_What you should do_
Reproduce exactly the lines from the one containing "with r = r_lambda)." through the last line of the data, both ends included.

_Information provided_
===

(* Fix $\epsilon>0$ and let $N>0$ be such that: whenever $K_{\alpha\beta}(x,y)>\epsilon$ for some $\alpha,\beta\in S(1)$ and some $(x,y)\in Q_{\mathbf x}\times Q_{\mathbf y}$, then $K_{\alpha\beta}(a,b)>\epsilon/2$ for all $(a,b)\in Q_{\mathbf x}\times Q_{\mathbf y}$. Let $\lambda\mapsto r_\lambda$ satisfy $r_\lambda\to\infty$. Then, as $\lambda\to\infty$, the number of singular pairs $(Q,Q')\in\mathcal Q_\lambda\times\mathcal Q_\lambda$ is $o(r_\lambda^2\log r_\lambda)$.
   Context: $K(x,y)=2\pi J_0(\|x-y\|)$ on $\mathbb R^2\times\mathbb R^2$ ($J_0$ the Bessel function of the first kind of order 0); $K_{\alpha\beta}=\partial_x^\alpha\partial_y^\beta K$; $S(1)$ is the set of multi-indices in $\mathbb N^2$ of order $\le1$. For $\mathbf z\in\mathbb Z^2$, $Q_{\mathbf z}=\mathbf z/N+[0,1/N)^2$, and $\mathcal Q_\lambda$ is the set of those $Q_{\mathbf z}$ intersecting the ball of radius $r_\lambda$ centred at the origin. Two squares $Q_{\mathbf x},Q_{\mathbf y}$ are singular if there exist $(x,y)\in Q_{\mathbf x}\times Q_{\mathbf y}$ and $\alpha,\beta\in S(1)$ with $K_{\alpha\beta}(x,y)>\epsilon$. *)

theory Defs
  imports "HOL-Analysis.Analysis" "HOL-Library.Landau_Symbols"
begin

definition bessel_J0 :: "real \<Rightarrow> real" where
  "bessel_J0 r = (\<Sum>k. (-1) ^ k / (fact k)^2 * (r / 2) ^ (2 * k))"

definition kernelK :: "real^2 \<Rightarrow> real^2 \<Rightarrow> real" where
  "kernelK x y = 2 * pi * bessel_J0 (norm (x - y))"

definition pdiff :: "2 \<Rightarrow> (real^2 \<Rightarrow> real) \<Rightarrow> real^2 \<Rightarrow> real" where
  "pdiff i f x = deriv (\<lambda>t. f (x + t *\<^sub>R axis i 1)) 0"

definition pdiff_multi :: "nat \<times> nat \<Rightarrow> (real^2 \<Rightarrow> real) \<Rightarrow> real^2 \<Rightarrow> real" where
  "pdiff_multi \<alpha> f = (pdiff 1 ^^ fst \<alpha>) ((pdiff 2 ^^ snd \<alpha>) f)"

definition K_ab :: "nat \<times> nat \<Rightarrow> nat \<times> nat \<Rightarrow> real^2 \<Rightarrow> real^2 \<Rightarrow> real" where
  "K_ab \<alpha> \<beta> x y = pdiff_multi \<alpha> (\<lambda>x'. pdiff_multi \<beta> (\<lambda>y'. kernelK x' y') y) x"

definition S1 :: "(nat \<times> nat) set" where
  "S1 = {\<alpha>. fst \<alpha> + snd \<alpha> \<le> 1}"

definition sq :: "real \<Rightarrow> int \<times> int \<Rightarrow> (real^2) set" where
  "sq N z = {p. real_of_int (fst z) / N \<le> p$1 \<and> p$1 < (real_of_int (fst z) + 1) / N \<and>
                real_of_int (snd z) / N \<le> p$2 \<and> p$2 < (real_of_int (snd z) + 1) / N}"

text \<open>Indices of the squares meeting the ball of radius r centred at 0 (the family Q_lambda,
  with r = r_lambda).  Since z \<mapsto> Q_z is injective for N > 0, squares are identified with
  their indices.\<close>
definition sq_family :: "real \<Rightarrow> real \<Rightarrow> (int \<times> int) set" where
  "sq_family N r = {z. sq N z \<inter> ball 0 r \<noteq> {}}"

===

_Exercise solution_
  with r = r_lambda).  Since z \<mapsto> Q_z is injective for N > 0, squares are identified with
  their indices.\<close>
definition sq_family :: "real \<Rightarrow> real \<Rightarrow> (int \<times> int) set" where
  "sq_family N r = {z. sq N z \<inter> ball 0 r \<noteq> {}}"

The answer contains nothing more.